Originally Posted by Steve Shovlar (Post 985051)
I then made a new sd timeline , PAL and dropped the prores422 file onto it.

I tested this method and I figured out that this method gives the same result as using Compressors "better" rescaling method, but much faster than doing it with Compressor. The quality is great, but if you want the absolute highest quality and you have enough time then use Compressor with its "best" rescaling.
Quote:

Originally Posted by Steve Shovlar (Post 985051)

You should really check the detail-settings in your ex1. The sharpening looks really ugly. I always recommend to turn the detail-function entirely off.

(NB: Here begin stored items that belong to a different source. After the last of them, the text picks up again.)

text \<open>The \<open>j\<close>-th run of \<^term>\<open>A r n\<close> is \<open>{j * r..<j * r + r}\<close>, a run of the symbol \<open>odd j\<close>.\<close>

locale run_matching =
  fixes v :: "bool list" and r n :: nat and M :: "(nat \<times> nat) list"
  assumes r_pos: "0 < r" and matching: "M \<in> matchings v (A r n)"
begin

definition run_matches :: "nat \<Rightarrow> (nat \<times> nat) set" where
  "run_matches j = {p \<in> set M. snd p div r = j}"

definition run_pos :: "nat \<Rightarrow> nat set" where
  "run_pos j = fst ` run_matches j"

definition run_span :: "nat \<Rightarrow> nat set" where
  "run_span j = (if run_pos j = {} then {} else {Min (run_pos j)..Max (run_pos j)})"

definition period_pos :: "nat \<Rightarrow> nat set" where
  "period_pos k = run_pos (2 * k) \<union> run_pos (2 * k + 1)"

lemma matching_sorted: "sorted_wrt (\<lambda>p q. fst p < fst q \<and> snd p < snd q) M"
  using matching unfolding matchings_def by simp

lemma matching_pair:
  assumes "p \<in> set M"
  shows "fst p < length v \<and> snd p < n \<and> v ! fst p = odd (snd p div r)"
  using matching assms unfolding matchings_def by (auto simp: A_def)

lemma matching_order:
  assumes "p \<in> set M" "p' \<in> set M"
  shows "p = p' \<or> (fst p < fst p' \<and> snd p < snd p') \<or> (fst p' < fst p \<and> snd p' < snd p)"
proof -
  obtain i where i: "i < length M" "p = M ! i" using assms(1) by (auto simp: in_set_conv_nth)
  obtain j where j: "j < length M" "p' = M ! j" using assms(2) by (auto simp: in_set_conv_nth)
  have "\<And>a b. a < b \<Longrightarrow> b < length M \<Longrightarrow> fst (M ! a) < fst (M ! b) \<and> snd (M ! a) < snd (M ! b)"
    using matching_sorted by (auto simp: sorted_wrt_iff_nth_less)
  with i j show ?thesis by (cases i j rule: linorder_cases) auto
qed

lemma fst_less_if_snd_less: "p \<in> set M \<Longrightarrow> p' \<in> set M \<Longrightarrow> snd p < snd p' \<Longrightarrow> fst p < fst p'"
  using matching_order by fastforce

lemma inj_on_fst_matching: "inj_on fst (set M)"
  by (rule inj_onI) (use matching_order in fastforce)

lemma inj_on_snd_matching: "inj_on snd (set M)"
  by (rule inj_onI) (use matching_order in fastforce)

lemma length_matching_le: "length M \<le> length v"
proof -
  have "distinct M"
    using matching_sorted by (rule sorted_wrt_irrefl_distinct[rotated]) simp
  then have "length M = card (fst ` set M)"
    by (simp add: distinct_card card_image inj_on_fst_matching)
  also have "\<dots> \<le> card {..<length v}"
    by (rule card_mono) (use matching_pair in auto)
  finally show ?thesis by simp
qed

lemma finite_run_pos: "finite (run_pos j)"
  unfolding run_pos_def run_matches_def by simp

lemma card_run_pos: "card (run_pos j) = card (run_matches j)"
  unfolding run_pos_def
  by (rule card_image) (rule inj_on_subset[OF inj_on_fst_matching], auto simp: run_matches_def)

lemma card_run_pos_le: "card (run_pos j) \<le> r"
proof -
  have "card (run_pos j) = card (snd ` run_matches j)"
    unfolding card_run_pos
    by (rule card_image[symmetric]) (rule inj_on_subset[OF inj_on_snd_matching], auto simp: run_matches_def)
  also have "\<dots> \<le> card {j * r..<j * r + r}"
  proof (rule card_mono)
    show "snd ` run_matches j \<subseteq> {j * r..<j * r + r}"
    proof
      fix y assume "y \<in> snd ` run_matches j"
      then have "y div r = j" by (auto simp: run_matches_def)
      moreover have "y = y div r * r + y mod r" "y mod r < r"
        using r_pos by simp_all
      ultimately show "y \<in> {j * r..<j * r + r}" by auto
    qed
  qed simp
  finally show ?thesis by simp
qed

lemma run_pos_subset_span: "run_pos j \<subseteq> run_span j"
  unfolding run_span_def using finite_run_pos by (auto intro: Min_le Max_ge)

lemma finite_run_span: "finite (run_span j)"
  unfolding run_span_def by simp

lemma card_run_pos_le_span: "card (run_pos j) \<le> card (run_span j)"
  by (rule card_mono[OF finite_run_span run_pos_subset_span])

lemma card_run_pos_le_count: "card (run_pos j) \<le> count_in v (odd j) (run_span j)"
proof -
  have "run_pos j \<subseteq> {i \<in> run_span j. v ! i = odd j}"
    using run_pos_subset_span matching_pair by (auto simp: run_pos_def run_matches_def)
  then show ?thesis
    unfolding count_in_def by (intro card_mono) (auto simp: finite_run_span)
qed

lemma run_pos_less: "a \<in> run_pos j \<Longrightarrow> b \<in> run_pos j' \<Longrightarrow> j < j' \<Longrightarrow> a < b"
proof -
  assume "a \<in> run_pos j" "b \<in> run_pos j'" "j < j'"
  then obtain p p' where "p \<in> set M" "p' \<in> set M" "a = fst p" "b = fst p'"
      "snd p div r = j" "snd p' div r = j'"
    by (auto simp: run_pos_def run_matches_def)
  moreover have "snd p < snd p'"
    using \<open>j < j'\<close> calculation by (metis div_le_mono not_le)
  ultimately show "a < b" using fst_less_if_snd_less by blast
qed

lemma run_span_disjoint: "j \<noteq> j' \<Longrightarrow> run_span j \<inter> run_span j' = {}"
proof -
  have less: "run_span j \<inter> run_span j' = {}" if "j < j'" for j j'
  proof (cases "run_pos j = {} \<or> run_pos j' = {}")
    case False
    then have "Max (run_pos j) < Min (run_pos j')"
      using run_pos_less[OF Max_in[OF finite_run_pos] Min_in[OF finite_run_pos] that] by auto
    then show ?thesis using False by (auto simp: run_span_def)
  qed (auto simp: run_span_def)
  show "j \<noteq> j' \<Longrightarrow> run_span j \<inter> run_span j' = {}"
    using less[of j j'] less[of j' j] by (cases j j' rule: linorder_cases) auto
qed

lemma run_span_subset: "run_span j \<subseteq> {..<length v}"
proof (cases "run_pos j = {}")
  case False
  then have "Max (run_pos j) \<in> run_pos j" using finite_run_pos by simp
  then have "Max (run_pos j) < length v" using matching_pair by (auto simp: run_pos_def run_matches_def)
  then show ?thesis using False by (auto simp: run_span_def)
qed (simp add: run_span_def)

lemma sum_card_run_span_le: "finite J \<Longrightarrow> (\<Sum>j\<in>J. card (run_span j)) \<le> length v"
proof -
  assume "finite J"
  then have "(\<Sum>j\<in>J. card (run_span j)) = card (\<Union>j\<in>J. run_span j)"
    by (subst card_UN_disjoint) (auto simp: finite_run_span run_span_disjoint)
  also have "\<dots> \<le> card {..<length v}"
    using run_span_subset by (intro card_mono) auto
  finally show ?thesis by simp
qed

lemma length_matching_eq_sum:
  assumes "n \<le> K * r"
  shows "length M = (\<Sum>j<K. card (run_pos j))"
proof -
  have "set M = (\<Union>j<K. run_matches j)"
  proof
    show "set M \<subseteq> (\<Union>j<K. run_matches j)"
    proof
      fix p assume "p \<in> set M"
      then have "snd p < K * r" using matching_pair assms by fastforce
      then have "snd p div r < K" by (rule less_mult_imp_div_less)
      then show "p \<in> (\<Union>j<K. run_matches j)" using \<open>p \<in> set M\<close> by (auto simp: run_matches_def)
    qed
  qed (auto simp: run_matches_def)
  moreover have "distinct M"
    using matching_sorted by (rule sorted_wrt_irrefl_distinct[rotated]) simp
  ultimately have "length M = card (\<Union>j<K. run_matches j)"
    by (metis distinct_card)
  also have "\<dots> = (\<Sum>j<K. card (run_matches j))"
    by (rule card_UN_disjoint) (auto simp: run_matches_def)
  finally show ?thesis by (simp add: card_run_pos)
qed

lemma period_pos_less: "a \<in> period_pos k \<Longrightarrow> b \<in> period_pos k' \<Longrightarrow> k < k' \<Longrightarrow> a < b"
  unfolding period_pos_def by (elim UnE) (auto elim!: run_pos_less)

lemma period_pos_subset: "period_pos k \<subseteq> {..<length v}"
  unfolding period_pos_def using run_pos_subset_span run_span_subset by blast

Btw, you're not converting to interlaced SD, so you're effectively converting 50fps to 25fps. Do you intend to do that? If yes, then I would recommend not to shoot with 720p/50 but with 1080p/25.

Sverker Hahn December 28th, 2008 11:54 AM

Quote:

Originally Posted by Steve Shovlar (Post 985051)
I dropped the 720P50 footage on its own timeline, then exported it to prores422 720P50, self contained movie.

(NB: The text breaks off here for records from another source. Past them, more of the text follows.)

(* Let $w\in\mathbb{Q}^{V_+}_{\ge0}$, $b\in\mathbb{Z}^{V_+}_{\ge0}$, $\xi\in[N]$, and let $S=\{v_1,\dots,v_\ell\}\subseteq V_+$ be nonempty with $w_{v_1}\le\dots\le w_{v_\ell}$. Let $k'\in\mathbb{Z}_{>0}$ satisfy $k_\xi(S)-k'\le b(S)$, and let $j\in[\ell]$ be the smallest index with $k_\xi(S)-k'\le\sum_{i\in[j]}b_{v_i}$. Set $\bar\alpha_S=\mathbb{I}(k_\xi(S)>k')\,w_{v_j}$ and $\bar\beta_v=\mathbb{I}(v\in\{v_1,\dots,v_{j-1}\})(w_v-w_{v_j})$ for all $v\in V_+$. Then $(\bar\alpha_S,\bar\beta)$ is an optimal solution of the dual linear program $$\max\Big\{\alpha_S(k_\xi(S)-k')+\sum_{v\in V_+}\beta_vb_v:\ \alpha_S+\beta_v\le w_v\ (v\in S),\ \beta_v\le w_v\ (v\in V_+\setminus S),\ \alpha_S\ge0,\ \beta\le0\Big\}$$ of $\mathcal{L}^*_\xi(S,k')=\min\{\sum_{v\in V_+}w_vy_v:\ y(S)\ge k_\xi(S)-k',\ y_v\le b_v\ \forall v\in V_+,\ y\ge0\}$, and $\bar\alpha_S\le\mathcal{L}^*_\xi(S,k')$.
   Context: $V_+$ is a finite set of customers; $C>0$ is the capacity; $d^\xi\in\mathbb{Q}^{V_+}_{\ge0}$ is the demand vector of scenario $\xi$; $f(S)=\sum_{i\in S}f(i)$; $k_\xi(S)=\lceil d^\xi(S)/C\rceil$; $[j]=\{1,\dots,j\}$ (empty if $j\le 0$); $\mathbb{I}$ is the indicator function. *)

theory Defs
  imports Main "HOL.Real"
begin

definition kxi :: "rat \<Rightarrow> (nat \<Rightarrow> 'a \<Rightarrow> rat) \<Rightarrow> nat \<Rightarrow> 'a set \<Rightarrow> int" where
  "kxi C d xi S = \<lceil>(\<Sum>i\<in>S. d xi i) / C\<rceil>"

definition primal_feasible ::
  "'a set \<Rightarrow> int \<Rightarrow> ('a \<Rightarrow> int) \<Rightarrow> 'a set \<Rightarrow> ('a \<Rightarrow> real) \<Rightarrow> bool" where
  "primal_feasible V rhs b S y \<longleftrightarrow>
     (\<Sum>v\<in>S. y v) \<ge> real_of_int rhs \<and>
     (\<forall>v\<in>V. y v \<le> real_of_int (b v) \<and> 0 \<le> y v)"

definition primal_value ::
  "'a set \<Rightarrow> ('a \<Rightarrow> rat) \<Rightarrow> int \<Rightarrow> ('a \<Rightarrow> int) \<Rightarrow> 'a set \<Rightarrow> real" where
  "primal_value V w rhs b S =
     Inf {(\<Sum>v\<in>V. real_of_rat (w v) * y v) | y. primal_feasible V rhs b S y}"

definition dual_feasible ::
  "'a set \<Rightarrow> ('a \<Rightarrow> rat) \<Rightarrow> 'a set \<Rightarrow> real \<Rightarrow> ('a \<Rightarrow> real) \<Rightarrow> bool" where
  "dual_feasible V w S \<alpha> \<beta> \<longleftrightarrow>
     (\<forall>v\<in>S. \<alpha> + \<beta> v \<le> real_of_rat (w v)) \<and>
     (\<forall>v\<in>V - S. \<beta> v \<le> real_of_rat (w v)) \<and>
     0 \<le> \<alpha> \<and> (\<forall>v\<in>V. \<beta> v \<le> 0)"

definition dual_obj ::
  "'a set \<Rightarrow> int \<Rightarrow> ('a \<Rightarrow> int) \<Rightarrow> real \<Rightarrow> ('a \<Rightarrow> real) \<Rightarrow> real" where
  "dual_obj V rhs b \<alpha> \<beta> = \<alpha> * real_of_int rhs + (\<Sum>v\<in>V. \<beta> v * real_of_int (b v))"

definition dual_optimal ::
  "'a set \<Rightarrow> ('a \<Rightarrow> rat) \<Rightarrow> int \<Rightarrow> ('a \<Rightarrow> int) \<Rightarrow> 'a set \<Rightarrow> real \<Rightarrow> ('a \<Rightarrow> real) \<Rightarrow> bool" where
  "dual_optimal V w rhs b S \<alpha> \<beta> \<longleftrightarrow>
     dual_feasible V w S \<alpha> \<beta> \<and>
     (\<forall>\<alpha>' \<beta>'. dual_feasible V w S \<alpha>' \<beta>' \<longrightarrow>
        dual_obj V rhs b \<alpha>' \<beta>' \<le> dual_obj V rhs b \<alpha> \<beta>)"

end

theory Submission
  imports Defs
begin

text \<open>The dual pair is certified by a primal solution of the same cost: buy the customers
  \<open>v\<^sub>1, \<dots>, v\<^bsub>j-1\<^esub>\<close>, which are cheaper than the pivot \<open>v\<^sub>j\<close>, up to their bounds and cover
  the residual demand at \<open>v\<^sub>j\<close>. Complementary slackness holds by construction, so weak duality
  makes both solutions optimal. Minimality of \<open>j\<close> means that at least one unit is bought at the
  price \<open>w\<^bsub>v\<^sub>j\<^esub>\<close>, and all other terms of the common value are nonnegative, whence
  \<open>\<alpha> \<le> \<L>\<^sup>*\<close>.\<close>

definition primal_cost :: "'a set \<Rightarrow> ('a \<Rightarrow> rat) \<Rightarrow> ('a \<Rightarrow> real) \<Rightarrow> real" where
  "primal_cost V w y = (\<Sum>v\<in>V. real_of_rat (w v) * y v)"

lemma weak_duality:
  assumes "finite V" "S \<subseteq> V" "dual_feasible V w S \<alpha> \<beta>" "primal_feasible V r b S y"
  shows "dual_obj V r b \<alpha> \<beta> \<le> primal_cost V w y"
proof -
  have dual: "\<forall>v\<in>S. \<alpha> + \<beta> v \<le> real_of_rat (w v)" "\<forall>v\<in>V - S. \<beta> v \<le> real_of_rat (w v)"
    "0 \<le> \<alpha>" "\<forall>v\<in>V. \<beta> v \<le> 0"
    using assms(3) unfolding dual_feasible_def by auto
  have primal: "real_of_int r \<le> (\<Sum>v\<in>S. y v)" "\<forall>v\<in>V. y v \<le> real_of_int (b v) \<and> 0 \<le> y v"
    using assms(4) unfolding primal_feasible_def by auto
  have "dual_obj V r b \<alpha> \<beta> \<le> (\<Sum>v\<in>S. \<alpha> * y v) + (\<Sum>v\<in>V. \<beta> v * y v)"
  proof -
    have "\<alpha> * real_of_int r \<le> (\<Sum>v\<in>S. \<alpha> * y v)"
      using primal(1) dual(3) by (simp add: sum_distrib_left[symmetric] mult_left_mono)
    moreover have "(\<Sum>v\<in>V. \<beta> v * real_of_int (b v)) \<le> (\<Sum>v\<in>V. \<beta> v * y v)"
      using dual(4) primal(2) by (intro sum_mono) (auto intro: mult_left_mono_neg)
    ultimately show ?thesis unfolding dual_obj_def by linarith
  qed
  also have "\<dots> = (\<Sum>v\<in>S. (\<alpha> + \<beta> v) * y v) + (\<Sum>v\<in>V - S. \<beta> v * y v)"
    using sum.subset_diff[OF assms(2,1), of "\<lambda>v. \<beta> v * y v"]
    by (simp add: distrib_right sum.distrib)
  also have "\<dots> \<le> (\<Sum>v\<in>S. real_of_rat (w v) * y v) + (\<Sum>v\<in>V - S. real_of_rat (w v) * y v)"
    using dual(1,2) primal(2) assms(2)
    by (intro add_mono sum_mono) (auto intro!: mult_right_mono)
  also have "\<dots> = primal_cost V w y"
    unfolding primal_cost_def
    using sum.subset_diff[OF assms(2,1), of "\<lambda>v. real_of_rat (w v) * y v"] by simp
  finally show ?thesis .
qed

lemma dual_optimal_by_certificate:
  assumes "finite V" "S \<subseteq> V" "dual_feasible V w S \<alpha> \<beta>" "primal_feasible V r b S y"
    and "primal_cost V w y = dual_obj V r b \<alpha> \<beta>"
  shows "dual_optimal V w r b S \<alpha> \<beta> \<and> primal_value V w r b S = dual_obj V r b \<alpha> \<beta>"
proof
  show "dual_optimal V w r b S \<alpha> \<beta>"
    using assms(3,5) weak_duality[OF assms(1,2) _ assms(4), of w] unfolding dual_optimal_def by simp
  let ?costs = "{primal_cost V w y' | y'. primal_feasible V r b S y'}"
  have lower: "dual_obj V r b \<alpha> \<beta> \<le> c" if "c \<in> ?costs" for c
    using that weak_duality[OF assms(1-3)] by blast
  have "Inf ?costs = dual_obj V r b \<alpha> \<beta>"
  proof (rule antisym)
    have "primal_cost V w y \<in> ?costs" using assms(4) by blast
    then show "Inf ?costs \<le> dual_obj V r b \<alpha> \<beta>"
      using cInf_lower[OF _ bdd_belowI[of ?costs, OF lower]] assms(5) by simp
    show "dual_obj V r b \<alpha> \<beta> \<le> Inf ?costs"
      using assms(4) lower by (intro cInf_greatest) auto
  qed
  then show "primal_value V w r b S = dual_obj V r b \<alpha> \<beta>"
    unfolding primal_value_def primal_cost_def .
qed

lemma nonpositive_demand_dual_optimal:
  assumes "finite V" "S \<subseteq> V" "\<forall>v\<in>V. 0 \<le> w v" "\<forall>v\<in>V. 0 \<le> b v" "r \<le> 0"
  shows "dual_optimal V w r b S 0 (\<lambda>_. 0) \<and> primal_value V w r b S = 0"
proof -
  have "dual_optimal V w r b S 0 (\<lambda>_. 0) \<and> primal_value V w r b S = dual_obj V r b 0 (\<lambda>_. 0)"
    using assms by (intro dual_optimal_by_certificate[where y="\<lambda>_. 0"])
      (auto simp: dual_feasible_def primal_feasible_def primal_cost_def dual_obj_def)
  then show ?thesis by (simp add: dual_obj_def)
qed

definition threshold_dual :: "'a set \<Rightarrow> ('a \<Rightarrow> rat) \<Rightarrow> rat \<Rightarrow> 'a \<Rightarrow> real" where
  "threshold_dual T w t v = (if v \<in> T then real_of_rat (w v - t) else 0)"

definition greedy_fill :: "'a set \<Rightarrow> 'a \<Rightarrow> int \<Rightarrow> ('a \<Rightarrow> int) \<Rightarrow> 'a \<Rightarrow> real" where
  "greedy_fill T p r b v =
     (if v \<in> T then real_of_int (b v) else if v = p then real_of_int (r - sum b T) else 0)"

lemma threshold_dual_feasible:
  assumes "\<forall>v\<in>V. 0 \<le> w v" "T \<subseteq> S" "0 \<le> t"
    and "\<forall>v\<in>T. w v \<le> t" "\<forall>v\<in>S - T. t \<le> w v"
  shows "dual_feasible V w S (real_of_rat t) (threshold_dual T w t)"
  using assms unfolding dual_feasible_def threshold_dual_def
  by (auto simp: of_rat_diff of_rat_less_eq)

lemma threshold_dual_obj:
  assumes "finite V" "T \<subseteq> V"
  shows "dual_obj V r b (real_of_rat t) (threshold_dual T w t)
           = (\<Sum>v\<in>T. real_of_rat (w v) * real_of_int (b v)) + real_of_rat t * real_of_int (r - sum b T)"
proof -
  have "(\<Sum>v\<in>V. threshold_dual T w t v * real_of_int (b v))
          = (\<Sum>v\<in>T. (real_of_rat (w v) - real_of_rat t) * real_of_int (b v))"
    using assms by (intro sum.mono_neutral_cong_right) (auto simp: threshold_dual_def of_rat_diff)
  then show ?thesis
    unfolding dual_obj_def
    by (simp add: left_diff_distrib sum_subtractf sum_distrib_left right_diff_distrib)
qed

lemma greedy_fill_primal_feasible:
  assumes "finite S" "S \<subseteq> V" "T \<subseteq> S" "p \<in> S - T" "\<forall>v\<in>V. 0 \<le> b v"
    and "sum b T \<le> r" "r \<le> sum b T + b p"
  shows "primal_feasible V r b S (greedy_fill T p r b)"
proof -
  have "(\<Sum>v\<in>S. greedy_fill T p r b v) = (\<Sum>v\<in>insert p T. greedy_fill T p r b v)"
    using assms(1,3,4) by (intro sum.mono_neutral_right) (auto simp: greedy_fill_def)
  also have "\<dots> = real_of_int r"
    using assms(1,3,4) finite_subset[OF assms(3,1)] by (simp add: greedy_fill_def)
  moreover have "0 \<le> real_of_int (r - sum b T)" "real_of_int (r - sum b T) \<le> real_of_int (b p)"
    using assms(6,7) by (simp_all only: of_int_le_iff of_int_0_le_iff)
  ultimately show ?thesis
    using assms(2-5) unfolding primal_feasible_def greedy_fill_def by auto
qed

lemma greedy_fill_cost:
  assumes "finite V" "T \<subseteq> V" "p \<in> V - T"
  shows "primal_cost V w (greedy_fill T p r b)
           = (\<Sum>v\<in>T. real_of_rat (w v) * real_of_int (b v)) + real_of_rat (w p) * real_of_int (r - sum b T)"
proof -
  have "primal_cost V w (greedy_fill T p r b) = (\<Sum>v\<in>insert p T. real_of_rat (w v) * greedy_fill T p r b v)"
    unfolding primal_cost_def
    using assms by (intro sum.mono_neutral_right) (auto simp: greedy_fill_def)
  also have "\<dots> = real_of_rat (w p) * real_of_int (r - sum b T)
                   + (\<Sum>v\<in>T. real_of_rat (w v) * real_of_int (b v))"
    using assms finite_subset[OF assms(2,1)] by (simp add: greedy_fill_def)
  finally show ?thesis by simp
qed

lemma threshold_dual_optimal:
  assumes "finite V" "S \<subseteq> V" "\<forall>v\<in>V. 0 \<le> w v" "\<forall>v\<in>V. 0 \<le> b v"
    and "T \<subseteq> S" "p \<in> S - T" "\<forall>v\<in>T. w v \<le> w p" "\<forall>v\<in>S - T. w p \<le> w v"
    and "sum b T \<le> r" "r \<le> sum b T + b p"
  shows "dual_optimal V w r b S (real_of_rat (w p)) (threshold_dual T w (w p))
         \<and> primal_value V w r b S = dual_obj V r b (real_of_rat (w p)) (threshold_dual T w (w p))"
proof (rule dual_optimal_by_certificate)
  show "dual_feasible V w S (real_of_rat (w p)) (threshold_dual T w (w p))"
    using assms by (intro threshold_dual_feasible) auto
  show "primal_feasible V r b S (greedy_fill T p r b)"
    using assms finite_subset[OF assms(2,1)] by (intro greedy_fill_primal_feasible) auto
  show "primal_cost V w (greedy_fill T p r b) = dual_obj V r b (real_of_rat (w p)) (threshold_dual T w (w p))"
    using assms by (simp add: greedy_fill_cost threshold_dual_obj subset_iff)
qed (use assms in auto)

lemma threshold_le_dual_obj:
  assumes "finite V" "T \<subseteq> V" "\<forall>v\<in>V. 0 \<le> w v" "\<forall>v\<in>V. 0 \<le> b v" "0 \<le> t" "sum b T < r"
  shows "real_of_rat t \<le> dual_obj V r b (real_of_rat t) (threshold_dual T w t)"
proof -
  have "real_of_rat t * 1 \<le> real_of_rat t * real_of_int (r - sum b T)"
  proof (rule mult_left_mono)
    show "1 \<le> real_of_int (r - sum b T)" using assms(6) by (simp only: of_int_1_le_iff)
  qed (use assms(5) in \<open>simp add: of_rat_less_eq\<close>)
  moreover have "0 \<le> (\<Sum>v\<in>T. real_of_rat (w v) * real_of_int (b v))"
    using assms(2-4) by (intro sum_nonneg) (auto simp: of_rat_less_eq)
  ultimately show ?thesis
    using assms(1,2) by (simp add: threshold_dual_obj)
qed

lemma sorted_enum_prefix:
  fixes vs :: "nat \<Rightarrow> 'a" and w :: "'a \<Rightarrow> 'b::linorder"
  assumes enum: "bij_betw vs {1..l} S"
    and sorted: "\<forall>i\<in>{1..l}. \<forall>i'\<in>{1..l}. i \<le> i' \<longrightarrow> w (vs i) \<le> w (vs i')"
    and j: "j \<in> {1..l}"
  shows "vs ` {1..j-1} \<subseteq> S" "vs j \<in> S - vs ` {1..j-1}"
    and "\<forall>v\<in>vs ` {1..j-1}. w v \<le> w (vs j)" "\<forall>v\<in>S - vs ` {1..j-1}. w (vs j) \<le> w v"
    and "sum f (vs ` {1..j-1}) = (\<Sum>i\<in>{1..j-1}. f (vs i))"
proof -
  have inj: "inj_on vs {1..l}" and S: "S = vs ` {1..l}"
    using enum by (auto simp: bij_betw_def)
  have sub: "{1..j-1} \<subseteq> {1..l}" using j by auto
  show "vs ` {1..j-1} \<subseteq> S" using S sub by auto
  show "vs j \<in> S - vs ` {1..j-1}"
    using S j inj_on_image_mem_iff[OF inj _ sub] by auto
  show "\<forall>v\<in>vs ` {1..j-1}. w v \<le> w (vs j)" using sorted sub j by auto
  show "\<forall>v\<in>S - vs ` {1..j-1}. w (vs j) \<le> w v"
  proof
    fix v assume v: "v \<in> S - vs ` {1..j-1}"
    then obtain i where i: "i \<in> {1..l}" "v = vs i" using S by auto
    with v have "\<not> i \<le> j - 1" by auto
    then show "w (vs j) \<le> w v" using sorted i j by auto
  qed
  show "sum f (vs ` {1..j-1}) = (\<Sum>i\<in>{1..j-1}. f (vs i))"
    using sum.reindex[OF inj_on_subset[OF inj sub]] by simp
qed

I then made a new sd timeline , PAL and dropped the prores422 file onto it. FCP asked if I should change the timeline. No is the answer. Then I rendered the timeline. I now have a nice SD timeline with the 720P50 footage converted down to SD PAL. It looks lovely and clean, no aliasing.

It is not necessary to to export to anything. Just drop the HD sequence on the DV timeline. Did you test that workflow?

Sverker Hahn December 28th, 2008 12:09 PM

The CCE1 comes out a little better than compressor.

Steve Shovlar December 28th, 2008 01:21 PM

Quote:

Originally Posted by Sverker Hahn (Post 985098)
The CCE1 comes out a little better than compressor.

I agree. Cinema Craft Encoder MP is better than Compressor. But then it should be for 800 bucks.

Steve Shovlar December 28th, 2008 01:23 PM

Quote:

Originally Posted by Sverker Hahn (Post 985093)
It is not necessary to to export to anything. Just drop the HD sequence on the DV timeline. Did you test that workflow?

I haven't but I will certainly try this out.
Thanks
Steve

Steve Shovlar December 28th, 2008 01:26 PM

Quote:

Originally Posted by Dominik Seibold (Post 985089)
I tested this method and I figured out that this method gives the same result as using Compressors "better" rescaling method, but much faster than doing it with Compressor. The quality is great, but if you want the absolute highest quality and you have enough time then use Compressor with its "best" rescaling.

You should really check the detail-settings in your ex1. The sharpening looks really ugly. I always recommend to turn the detail-function entirely off.

Btw, you're not converting to interlaced SD, so you're effectively converting 50fps to 25fps. Do you intend to do that? If yes, then I would recommend not to shoot with 720p/50 but with 1080p/25.

Good point on the detail. As I shoot 95% weddings the client mostly wants the video look, so that's what they get. I wil shoot some footage tomorrow morning and compare detail on and off.

I shoot 720P50 because its much better for slo mo in the snogging musical interlude. 50% of 50 frames = 25P.